A reunião do BRICS na África do Sul foi alvo de grande atenção internacional. Quatro dos actuais membros do BRICS – Brasil, Rússia, Índia, China e África do Sul– pertencem à antiga rota que partia de Lisboa até ao Extremo Oriente.

Nos séculos XVI e XVII, os navios que saíam de Portugal para a Ásia, iam muitas vezes primeiro até à costa do Brasil, e só depois atravessavam o sul do Atlântico, em direcção à África do Sul. Daí continuavam até à Índia e da Índia navegavam até Macau.
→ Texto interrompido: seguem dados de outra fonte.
text \<open>Recomputed H_d: v-share of the other main party is computed, the v-share of the
  main party containing i* is set such that v = 0.\<close>
definition vf_Hd :: "'k::field pub \<Rightarrow> ('sd,'k,'cm,'h,'h1) prims \<Rightarrow> nat \<Rightarrow> (nat \<Rightarrow> 'k) \<Rightarrow> 'k
     \<Rightarrow> nat \<Rightarrow> ('sd,'k,'cm) resp \<Rightarrow> nat \<Rightarrow> 'h1" where
  "vf_Hd P Pr D gam eps ist R d =
     (let bs = bit_of d ist; bo = 1 - bs;
          al = vf_alpha P Pr D gam eps ist R d;
          vo = v_sh P gam eps al (bo = 0) (shr_sum {i. i < 2^D \<and> bit_of d i = bo} (vf_leaf Pr D ist R));
          vs = - vo;
          v0 = (if bs = 0 then vs else vo); v1 = (if bs = 0 then vo else vs)
      in hashd Pr (map (vf_alpha_parts P Pr D gam eps ist R d 0) [1..<rr P],
                   map (vf_alpha_parts P Pr D gam eps ist R d 1) [1..<rr P], v0, v1))"

definition verifier_accepts :: "'k::field pub \<Rightarrow> ('sd,'k,'cm,'h,'h1) prims \<Rightarrow> nat
     \<Rightarrow> 'h \<Rightarrow> (nat \<Rightarrow> 'k) \<Rightarrow> 'k \<Rightarrow> 'h \<Rightarrow> nat \<Rightarrow> ('sd,'k,'cm) resp \<Rightarrow> bool" where
  "verifier_accepts P Pr D h0 gam eps h1 ist R \<longleftrightarrow>
     vf_h0 Pr D ist R = h0
     \<and> (\<forall>d<D. map (vf_alpha P Pr D gam eps ist R d) [1..<rr P]
               = map (vf_alpha P Pr D gam eps ist R 0) [1..<rr P])
     \<and> hash1 Pr (map (vf_Hd P Pr D gam eps ist R) [0..<D]) = h1"

text \<open>Outcome of an honest execution with prover randomness \<open>sd0\<close> (sd0 seed of the GGM
  tree, from which all leaf shares and a are derived) and verifier challenges
  (gam, eps) and i*.\<close>
definition honest_accepts :: "'k::field pub \<Rightarrow> ('sd,'k,'cm,'h,'h1) prims \<Rightarrow> nat
     \<Rightarrow> (nat \<Rightarrow> 'k) \<Rightarrow> (nat \<Rightarrow> 'k) \<Rightarrow> 'sd \<Rightarrow> (nat \<Rightarrow> 'k) \<Rightarrow> 'k \<Rightarrow> nat \<Rightarrow> bool" where
  "honest_accepts P Pr D x beta sd0 gam eps ist =
     verifier_accepts P Pr D (pr_h0 P Pr D sd0 x beta) gam eps
        (pr_h1 P Pr D sd0 x beta gam eps) ist (pr_resp P Pr D sd0 x beta gam eps ist)"

end

theory Submission
  imports Defs "HOL-Computational_Algebra.Primes"
begin

(* The honest leaf shares add up to (x_B, beta, a, c) with c = -<beta, a>, and every local
   computation of Pi^eta is additive in the shares, since x ^ (q ^ i) is additive in
   characteristic p.  Hence in every dimension the two main parties open the alpha and v of the
   total share, and v = - eps * sum_j gamma_j L(x_j) = 0 because each x_j lies in U, the root set
   of L.  The verifier recomputes every leaf except i* from the GGM sibling path and reads the
   alpha-share of i* off the response, so its h_0, alpha and H_d are the prover's; in particular
   the v-share it sets for the main party containing i* is the prover's, as the two v-shares add
   up to 0. *)

(* The flag passed to F says whether the group of parties contains leaf 0, the party that adds
   the public constants. *)
definition share_linear :: "(bool \<Rightarrow> 'a::comm_monoid_add shr \<Rightarrow> 'b::comm_monoid_add) \<Rightarrow> bool" where
  "share_linear F \<longleftrightarrow>
     (\<forall>S f. finite S \<longrightarrow> F (0 \<in> S) (shr_sum S f) = (\<Sum>l\<in>S. F (l = 0) (f l)))"

lemma share_linearI:
  "(\<And>S f. finite S \<Longrightarrow> F (0 \<in> S) (shr_sum S f) = (\<Sum>l\<in>S. F (l = 0) (f l))) \<Longrightarrow> share_linear F"
  unfolding share_linear_def by blast

lemma share_linearD:
  "share_linear F \<Longrightarrow> finite S \<Longrightarrow> F (0 \<in> S) (shr_sum S f) = (\<Sum>l\<in>S. F (l = 0) (f l))"
  unfolding share_linear_def by blast

lemma share_linear_lead_const: "share_linear (\<lambda>lead _. if lead then c else 0)"
  by (rule share_linearI) (simp add: sum.delta)

lemma share_linear_sxb: "share_linear (\<lambda>_ s. sxb s j)"
  and share_linear_sbt: "share_linear (\<lambda>_ s. sbt s j)"
  and share_linear_sa: "share_linear (\<lambda>_ s. sa s j)"
  and share_linear_sc: "share_linear (\<lambda>_ s. sc s)"
  by (auto intro: share_linearI simp: shr_sum_def)

lemma share_linear_add:
  "share_linear F \<Longrightarrow> share_linear G \<Longrightarrow> share_linear (\<lambda>lead s. F lead s + G lead s)"
  by (rule share_linearI) (simp add: share_linearD sum.distrib)

lemma share_linear_diff:
  fixes F G :: "bool \<Rightarrow> 'a::comm_monoid_add shr \<Rightarrow> 'b::ab_group_add"
  shows "share_linear F \<Longrightarrow> share_linear G \<Longrightarrow> share_linear (\<lambda>lead s. F lead s - G lead s)"
  by (rule share_linearI) (simp add: share_linearD sum_subtractf)

lemma share_linear_uminus:
  fixes F :: "bool \<Rightarrow> 'a::comm_monoid_add shr \<Rightarrow> 'b::ab_group_add"
  shows "share_linear F \<Longrightarrow> share_linear (\<lambda>lead s. - F lead s)"
  by (rule share_linearI) (simp add: share_linearD sum_negf)

lemma share_linear_mult_left:
  fixes F :: "bool \<Rightarrow> 'a::comm_monoid_add shr \<Rightarrow> 'b::semiring_0"
  shows "share_linear F \<Longrightarrow> share_linear (\<lambda>lead s. c * F lead s)"
  by (rule share_linearI) (simp add: share_linearD sum_distrib_left)

lemma share_linear_sum:
  "finite I \<Longrightarrow> (\<And>i. i \<in> I \<Longrightarrow> share_linear (F i)) \<Longrightarrow> share_linear (\<lambda>lead s. \<Sum>i\<in>I. F i lead s)"
  by (rule share_linearI) (simp add: share_linearD sum.swap[of _ I])

lemma share_linear_power_CHAR:
  fixes F :: "bool \<Rightarrow> 'a::comm_monoid_add shr \<Rightarrow> 'b::comm_semiring_1"
  assumes "prime CHAR('b)" and "Q = CHAR('b) ^ n" and "share_linear F"
  shows "share_linear (\<lambda>lead s. F lead s ^ Q)"
  using assms by (intro share_linearI) (simp add: share_linearD freshmans_dream_sum')

lemma shr_sum_cong: "(\<And>i. i \<in> A \<Longrightarrow> f i = g i) \<Longrightarrow> shr_sum A f = shr_sum A g"
  unfolding shr_sum_def by (simp cong: sum.cong)

lemma share_linear_main_parties:
  assumes "share_linear F"
  shows "F True (shr_sum {i. i < 2 ^ D \<and> bit_of d i = 0} f)
           + F False (shr_sum {i. i < 2 ^ D \<and> bit_of d i = 1} f)
         = F True (shr_sum {..<2 ^ D} f)"
proof -
  let ?A = "{i. i < 2 ^ D \<and> bit_of d i = 0}" and ?B = "{i. i < 2 ^ D \<and> bit_of d i = 1}"
  have "0 \<in> ?A" "0 \<notin> ?B"
    by (simp_all add: bit_of_def)
  moreover have "?A \<union> ?B = {..<2 ^ D}"
    by (auto simp: bit_of_def)
  moreover have "?A \<inter> ?B = {}"
    by auto
  ultimately show ?thesis
    using share_linearD[OF assms, of ?A f] share_linearD[OF assms, of ?B f]
      share_linearD[OF assms, of "{..<2 ^ D}" f]
      sum.union_disjoint[of ?A ?B "\<lambda>l. F (l = 0) (f l)"]
    by simp
qed

lemma share_linear_x_sh: "share_linear (\<lambda>lead s. x_sh P lead s j)"
proof (cases "j < nn P - kk P")
  case True
  then show ?thesis
    unfolding x_sh_def xA_sh_def
    by (simp, intro share_linear_diff share_linear_lead_const share_linear_sum
        share_linear_mult_left share_linear_sxb) auto
qed (simp add: x_sh_def share_linear_sxb)

lemma ggm_add: "ggm G s (a + b) j = ggm G (ggm G s a (j div 2 ^ b)) b (j mod 2 ^ b)"
proof (induction b arbitrary: j)
  case (Suc b)
  have "j div 2 div 2 ^ b = j div 2 ^ Suc b"
    by (simp add: div_mult2_eq)
  moreover have "j mod 2 ^ Suc b div 2 = j div 2 mod 2 ^ b"
    by (simp add: mod_mult2_eq)
  moreover have "even (j mod 2 ^ Suc b) = even j"
    using dvd_mod_iff[of 2 "2 * 2 ^ b" j] by simp
  ultimately show ?case
    using Suc.IH[of "j div 2"] by simp
qed simp

lemma sibling_eqI: "u \<noteq> v \<Longrightarrow> u div 2 = v div 2 \<Longrightarrow> u = sibling v"
  unfolding sibling_def by presburger

(* l is the depth at which the GGM paths to the leaves i and j split; the sibling path revealed
   for j contains the seed of the node i div 2 ^ (D - l) at that depth. *)
lemma first_divergence_level:
  fixes i j D :: nat
  assumes "i < 2 ^ D" "j < 2 ^ D" "i \<noteq> j"
  defines "l \<equiv> LEAST l. 1 \<le> l \<and> i div 2 ^ (D - l) \<noteq> j div 2 ^ (D - l)"
  shows "1 \<le> l" "l \<le> D" "i div 2 ^ (D - l) = sibling (j div 2 ^ (D - l))"
proof -
  let ?Div = "\<lambda>l. 1 \<le> l \<and> i div 2 ^ (D - l) \<noteq> j div 2 ^ (D - l)"
  have "?Div D"
    using assms(1-3) by (cases D) auto
  then have l: "?Div l" and "l \<le> D"
    unfolding l_def by (rule LeastI, rule Least_le)
  then show "1 \<le> l" "l \<le> D" by simp_all
  have "i div 2 ^ Suc (D - l) = j div 2 ^ Suc (D - l)"
  proof (cases "l = 1")
    case True
    then show ?thesis
      using assms(1,2) \<open>l \<le> D\<close> by (simp add: div_less)
  next
    case False
    then have "\<not> ?Div (l - 1)"
      unfolding l_def using l by (intro not_less_Least) (auto simp: l_def)
    moreover have "D - (l - 1) = Suc (D - l)"
      using False l \<open>l \<le> D\<close> by auto
    ultimately show ?thesis
      using False l by auto
  qed
  then have "i div 2 ^ (D - l) div 2 = j div 2 ^ (D - l) div 2"
    by (simp only: power_Suc2 div_mult2_eq)
  then show "i div 2 ^ (D - l) = sibling (j div 2 ^ (D - l))"
    using l by (intro sibling_eqI) auto
qed

lemma vf_seed_pr_resp:
  assumes "i < 2 ^ D" "ist < 2 ^ D" "i \<noteq> ist"
  shows "vf_seed Pr D ist (pr_resp P Pr D sd0 x beta gam eps ist) i = pr_seed Pr D sd0 i"
proof -
  define l where "l = (LEAST l. 1 \<le> l \<and> i div 2 ^ (D - l) \<noteq> ist div 2 ^ (D - l))"
  note level = first_divergence_level[OF assms, folded l_def]
  have "vf_seed Pr D ist (pr_resp P Pr D sd0 x beta gam eps ist) i
      = ggm (prg Pr) (ggm (prg Pr) sd0 l (i div 2 ^ (D - l))) (D - l) (i mod 2 ^ (D - l))"
    unfolding vf_seed_def Let_def l_def[symmetric] by (simp add: pr_resp_def level(3))
  also have "\<dots> = ggm (prg Pr) sd0 (l + (D - l)) i"
    by (rule ggm_add[symmetric])
  finally show ?thesis
    using level(2) by (simp add: pr_seed_def)
qed

lemma vf_state_pr_resp:
  assumes "i < 2 ^ D" "ist < 2 ^ D" "i \<noteq> ist"
  shows "vf_state Pr D ist (pr_resp P Pr D sd0 x beta gam eps ist) i = pr_state P Pr D sd0 x beta i"
  unfolding vf_state_def pr_state_def vf_seed_pr_resp[OF assms]
  using assms by (simp add: pr_resp_def)

lemma vf_leaf_pr_resp:
  assumes "i < 2 ^ D" "ist < 2 ^ D" "i \<noteq> ist"
  shows "vf_leaf Pr D ist (pr_resp P Pr D sd0 x beta gam eps ist) i = pr_leaf P Pr D sd0 x beta i"
  unfolding vf_leaf_def pr_leaf_def vf_state_pr_resp[OF assms] ..

lemma ralpha_pr_resp:
  "ralpha (pr_resp P Pr D sd0 x beta gam eps ist) = alpha_sh P gam eps (ist = 0) (pr_leaf P Pr D sd0 x beta ist)"
  by (simp add: pr_resp_def)

lemma vf_h0_pr_resp:
  assumes "ist < 2 ^ D"
  shows "vf_h0 Pr D ist (pr_resp P Pr D sd0 x beta gam eps ist) = pr_h0 P Pr D sd0 x beta"
  unfolding vf_h0_def pr_h0_def
proof (intro arg_cong[where f = "hash0 Pr"] map_cong refl)
  fix i
  assume "i \<in> set [0..<2 ^ D]"
  then show "(if i = ist then rcom (pr_resp P Pr D sd0 x beta gam eps ist)
        else com Pr (vf_state Pr D ist (pr_resp P Pr D sd0 x beta gam eps ist) i))
      = com Pr (pr_state P Pr D sd0 x beta i)"
    by (cases "i = ist") (simp add: pr_resp_def, simp add: vf_state_pr_resp[OF _ assms])
qed

context
  fixes P :: "'k::field pub" and e :: nat
  assumes prime_CHAR: "prime CHAR('k)" and qq_CHAR: "qq P = CHAR('k) ^ e"
begin

lemma share_linear_x_sh_frobenius_diff:
  "share_linear (\<lambda>lead s. x_sh P lead s j ^ (qq P ^ i) - x_sh P lead s j)"
proof -
  have "qq P ^ i = CHAR('k) ^ (e * i)"
    by (simp add: qq_CHAR power_mult)
  then show ?thesis
    by (intro share_linear_diff share_linear_power_CHAR[OF prime_CHAR] share_linear_x_sh)
qed

lemma share_linear_omega_sh: "share_linear (\<lambda>lead s. omega_sh P gam lead s i)"
  unfolding omega_sh_def
  by (intro share_linear_sum share_linear_mult_left share_linear_x_sh_frobenius_diff) simp

lemma share_linear_z_sh: "share_linear (\<lambda>lead s. z_sh P gam lead s)"
  unfolding z_sh_def
  by (intro share_linear_uminus share_linear_sum share_linear_mult_left
      share_linear_x_sh_frobenius_diff) simp

lemma share_linear_alpha_sh: "share_linear (\<lambda>lead s. alpha_sh P gam eps lead s i)"
  unfolding alpha_sh_def
  by (intro share_linear_add share_linear_mult_left share_linear_omega_sh share_linear_sa)

lemma share_linear_v_sh: "share_linear (\<lambda>lead s. v_sh P gam eps al lead s)"
  unfolding v_sh_def
  by (intro share_linear_diff share_linear_mult_left share_linear_z_sh share_linear_sum
      share_linear_sbt share_linear_sc) simp

lemma vf_alpha_parts_pr_resp:
  assumes ist: "ist < 2 ^ D"
  shows "vf_alpha_parts P Pr D gam eps ist (pr_resp P Pr D sd0 x beta gam eps ist) d b
       = alpha_sh P gam eps (b = 0) (pr_main P Pr D sd0 x beta d b)"
proof
  fix j
  define S where "S = {i. i < 2 ^ D \<and> bit_of d i = b}"
  let ?L = "pr_leaf P Pr D sd0 x beta" and ?R = "pr_resp P Pr D sd0 x beta gam eps ist"
  have "finite S" "(0 \<in> S) = (b = 0)"
    by (auto simp: S_def bit_of_def)
  then have linear: "alpha_sh P gam eps (b = 0) (shr_sum S ?L) j
      = (\<Sum>i\<in>S. alpha_sh P gam eps (i = 0) (?L i) j)"
    using share_linearD[OF share_linear_alpha_sh, where S = S and f = ?L]
    by simp
  show "vf_alpha_parts P Pr D gam eps ist ?R d b j
      = alpha_sh P gam eps (b = 0) (pr_main P Pr D sd0 x beta d b) j"
  proof (cases "b = bit_of d ist")
    case True
    then have "ist \<in> S"
      using ist by (simp add: S_def)
    have "{i. i < 2 ^ D \<and> bit_of d i = b \<and> i \<noteq> ist} = S - {ist}"
      by (auto simp: S_def)
    then have "vf_alpha_parts P Pr D gam eps ist ?R d b j
        = (\<Sum>i\<in>S - {ist}. alpha_sh P gam eps (i = 0) (vf_leaf Pr D ist ?R i) j) + ralpha ?R j"
      using True by (simp add: vf_alpha_parts_def)
    also have "\<dots> = (\<Sum>i\<in>S - {ist}. alpha_sh P gam eps (i = 0) (?L i) j)
          + alpha_sh P gam eps (ist = 0) (?L ist) j"
      by (auto simp: S_def vf_leaf_pr_resp[OF _ ist] ralpha_pr_resp intro!: sum.cong)
    also have "\<dots> = alpha_sh P gam eps (b = 0) (shr_sum S ?L) j"
      unfolding linear sum.remove[OF \<open>finite S\<close> \<open>ist \<in> S\<close>] by (simp add: add.commute)
    finally show ?thesis
      by (simp add: pr_main_def S_def)
  next
    case False
    then have "shr_sum S (vf_leaf Pr D ist ?R) = shr_sum S ?L"
      by (intro shr_sum_cong vf_leaf_pr_resp[OF _ ist]) (auto simp: S_def)
    then show ?thesis
      using False by (simp add: vf_alpha_parts_def pr_main_def S_def)
  qed
qed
Voilà, para colocar a questão em termos idealísticos: a velha Carreira da Índia e a Carreira de Macau “prefiguraram” a liga BRICS ou, com ela, tiveram alguns pontos em comum.

Por isso, se as cidades portuárias puderem de per se candidatar-se a um estatuto especial no seio da aliança BRICS, Macau estará certamente qualificado para se tornar um membro especial deste sistema, como observador, colaborador com experiências culturais históricas multifacetadas e portador de uma vasta experiência no sector financeiro.

O passado de Macau leva-nos até Portugal e à Europa. A UE tinha e continua a ter bastante abertura de espírito, mas ainda pode ir mais longe. Em teoria, vários países da UE, como a Alemanha, também podem candidatar-se a integrar o BRICS.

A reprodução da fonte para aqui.